# BBS Prima Donna... how to tell?



## pyro2001vr6 (Nov 12, 2007)

How can someone tell the difference between BBS RS and BBS RS Prima Donnas? Besides the colors what makes these different and how can they be truly authentic and not built by someone with regular RS' as a look-a-like? 
I would like to see this topic discussed since the set for sale in the classifieds is for sale and the topic should be discussed here.
Thanks for the great idea banshee1








Current set for sale in 5x100 classifieds and idk where else:

_Quote, originally posted by *Rocco87* »_
16X7
5 X 114.3
ET45 (perfect ET for adapters)
60.0mm Centrebore
These are 100% Origional BBS RS 137
White Centre
Polished Lip (As of right now in need of refinishing)
Gold Bolts individually stamped BBS
Red Centre Caps, Gold and white screw cap
First picture is used as REFERANCE only, if the owner of the car is on these forums and want the picture taken done, please let me know and i will do so.








Pictures of the actual wheels



























From:
http://forums.vwvortex.com/zerothread?id=4024038


----------



## ThatGuy (Jan 28, 2004)

*Re: BBS Prima Donna... how to tell? (pyro2001vr6)*

As far as i know, we will have to contact BBS Japan as they are all imported, thats what Michael told me.


----------



## MarkeeeVR6 (Sep 17, 2002)

*Re: BBS Prima Donna... how to tell? (ThatGuy)*

I think real Prima Donna's had a gold band painted around the center cap if i am not mistaken


----------



## pyro2001vr6 (Nov 12, 2007)

*Re: BBS Prima Donna... how to tell? (MarkeeeVR6)*


_Quote, originally posted by *MarkeeeVR6* »_I think real Prima Donna's had a gold band painted around the center cap if i am not mistaken 

I think your thinking of the Super RS in Prima Donna:








Never seen a regular sized RS with that styled cap


----------



## BrothersinArms (Sep 27, 2006)

*Re: BBS Prima Donna... how to tell? (pyro2001vr6)*

I always looked at it this way......
both the Prima Donnas and Super RSs were carry overs by BBS japan of the RS wheel style long after BBS Germany stopped making them.
So, would it really matter is you had a new set of Primas or a set of older RSs built into replicas?

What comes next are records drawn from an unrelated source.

(* Let $\theta=\theta^je_j\in su(N)$ be a dependent variable of $x^1,x^2$, and let $\vec w_C=(f(x^1)\theta^j_1+g(x^2)\theta^j_2)\partial/\partial\theta^j$ be the generalized vector field associated with a conformal transformation. Then for every integer $k\ge0$ (wherever the iterated projectors are defined), $$\mathrm{pr}\,\vec w_C\big(\Pi_\pm^k(\mathcal E-i\theta)\big)=fD_1\Pi_\pm^k(\mathcal E-i\theta)+gD_2\Pi_\pm^k(\mathcal E-i\theta).$$ That is, the infinitesimal deformation $\theta'=\theta+\epsilon(f\theta_1+g\theta_2)$ induces the infinitesimal deformation $\big(\Pi_\pm^k(\mathcal E-i\theta)\big)'=\Pi_\pm^k(\mathcal E-i\theta)+\epsilon\big(fD_1\Pi_\pm^k(\mathcal E-i\theta)+gD_2\Pi_\pm^k(\mathcal E-i\theta)\big)$.
   Context: $\mathcal E=\mathbb I/N$; $e_j$ is a basis of $su(N)$; $x^1=\xi$, $x^2=\bar\xi$ (Euclidean setting of the $\mathbb CP^{N-1}$ sigma model); $D_1,D_2$ are total derivatives in $x^1,x^2$; $\theta^j_J$ are jet coordinates. The raising and lowering operators on a matrix function $P$ are $$\Pi_+P=\frac{D_1P\,P\,D_2P}{\mathrm{tr}(D_1P\,P\,D_2P)},\qquad \Pi_-P=\frac{D_2P\,P\,D_1P}{\mathrm{tr}(D_2P\,P\,D_1P)},$$ and $\Pi_\pm^k$ denotes the $k$-fold iterate ($\Pi_\pm^0$ the identity); thus $\Pi_\pm^k(\mathcal E-i\theta)$ is a matrix-valued function of the jets of $\theta$. The prolongation is $\mathrm{pr}\,\vec w_C=\sum_J D_J(f\theta^j_1+g\theta^j_2)\,\partial/\partial\theta^j_J$. *)

theory Defs
  imports "HOL-Analysis.Analysis"
begin

type_synonym 'n cmat = "complex^'n^'n"

definition cscale :: "complex \<Rightarrow> 'n::finite cmat \<Rightarrow> 'n cmat" where
  "cscale c M = (\<chi> i j. c * M$i$j)"

definition cadj :: "'n::finite cmat \<Rightarrow> 'n cmat" where
  "cadj M = (\<chi> i j. cnj (M$j$i))"

definition su :: "'n::finite cmat set" where
  "su = {A. cadj A = - A \<and> trace A = 0}"

definition Emat :: "'n::finite cmat" where
  "Emat = cscale (1 / of_nat CARD('n)) (mat 1)"

definition pd1 :: "(real \<times> real \<Rightarrow> 'a::real_normed_vector) \<Rightarrow> real \<times> real \<Rightarrow> 'a" where
  "pd1 P x = vector_derivative (\<lambda>t. P (t, snd x)) (at (fst x))"

definition pd2 :: "(real \<times> real \<Rightarrow> 'a::real_normed_vector) \<Rightarrow> real \<times> real \<Rightarrow> 'a" where
  "pd2 P x = vector_derivative (\<lambda>t. P (fst x, t)) (at (snd x))"

fun iter_pd :: "bool list \<Rightarrow> (real \<times> real \<Rightarrow> 'a::real_normed_vector) \<Rightarrow> real \<times> real \<Rightarrow> 'a" where
  "iter_pd [] P = P"
| "iter_pd (b # bs) P = (if b then pd1 else pd2) (iter_pd bs P)"

definition smooth2 :: "(real \<times> real \<Rightarrow> 'a::real_normed_vector) \<Rightarrow> bool" where
  "smooth2 P \<longleftrightarrow> (\<forall>bs x. iter_pd bs P differentiable (at x))"

definition iter_vd :: "nat \<Rightarrow> (real \<Rightarrow> 'a::real_normed_vector) \<Rightarrow> real \<Rightarrow> 'a" where
  "iter_vd n f = ((\<lambda>h t. vector_derivative h (at t)) ^^ n) f"

definition smooth1 :: "(real \<Rightarrow> 'a::real_normed_vector) \<Rightarrow> bool" where
  "smooth1 f \<longleftrightarrow> (\<forall>n t. iter_vd n f differentiable (at t))"
lemma mpoly_eval_basis:
  assumes "\<forall>r<m. e r \<in> {1, qi, qj, qk}"
  obtains s p q where "mpoly_eval m c e = s *\<^sub>R quat_unit p q"
proof -
  define f where "f r = (if e r = qi \<or> e r = qk then 1 else 0 :: nat)" for r
  define g where "g r = (if e r = qj \<or> e r = qk then 1 else 0 :: nat)" for r
  have "qi \<noteq> 1" "qj \<noteq> 1" "qk \<noteq> 1" "qi \<noteq> qj" "qi \<noteq> qk" "qj \<noteq> qk"
    by (simp_all add: quat_eq_iff)
  then have e_unit: "e r = quat_unit (f r) (g r)" if "r < m" for r
    using assms that by (auto simp: f_def g_def quat_unit_def)
  \<comment> \<open>Every monomial is \<open>\<pm>\<close> the same unit: \<open>p\<close> and \<open>q\<close> count the slots holding \<open>i\<close> or \<open>k\<close>,
      resp. \<open>j\<close> or \<open>k\<close>, whatever their order.\<close>
  define G where "G = quat_unit (sum f {..<m}) (sum g {..<m})"
  have "prod_list (map (\<lambda>i. e (\<sigma> i)) [0..<m]) \<in> {G, - G}" if \<sigma>: "\<sigma> permutes {..<m}" for \<sigma>
  proof -
    have "map (\<lambda>i. e (\<sigma> i)) [0..<m] = map (\<lambda>r. quat_unit (f r) (g r)) (map \<sigma> [0..<m])"
      using e_unit permutes_in_image[OF \<sigma>] by simp
    moreover have "sum_list (map f (map \<sigma> [0..<m])) = sum f {..<m}"
      "sum_list (map g (map \<sigma> [0..<m])) = sum g {..<m}"
      using permutes_lessThan_map_upt[OF \<sigma>] by (metis sum_list_distinct_conv_sum_set)+
    ultimately show ?thesis
      using prod_list_quat_unit[of f g "map \<sigma> [0..<m]"] unfolding G_def by metis
  qed
  moreover define sgn where
    "sgn \<sigma> = (if prod_list (map (\<lambda>i. e (\<sigma> i)) [0..<m]) = G then 1 else - 1 :: real)" for \<sigma>
  ultimately have "prod_list (map (\<lambda>i. e (\<sigma> i)) [0..<m]) = sgn \<sigma> *\<^sub>R G"
    if "\<sigma> permutes {..<m}" for \<sigma>
    using that by fastforce
  then have "mpoly_eval m c e = (\<Sum>\<sigma> | \<sigma> permutes {..<m}. (c \<sigma> * sgn \<sigma>) *\<^sub>R G)"
    unfolding mpoly_eval_def by (intro sum.cong) auto
  then show ?thesis
    using that[of "\<Sum>\<sigma> | \<sigma> permutes {..<m}. c \<sigma> * sgn \<sigma>"] unfolding G_def
    by (simp add: scaleR_sum_left)
qed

IMO, not really.
That said, if you really wanted to tell, I think the key would be in the location of manufacture. Older RS were made in germany were as all the "real" Prima Donna wheels would have been made in Japan. My import model REs say made in japan, so I would assume the forged RSs would the say the same. Along the same lines, they also prob have the "FORGED" stamping BBS japan puts on all it's Forged wheels as well.
--------
I believe the above poster is also correct that the larger ones were the one that had the gold band. iirc it went like this..... they first released a prima donna in 16" and 17",,, than later discontinued those sizes upon the release of the Super RS and came out with a prima donna with the gold ring in 18" and 19" sizes... Now the Prima Donna, in all sizes, is completely discontinued.


----------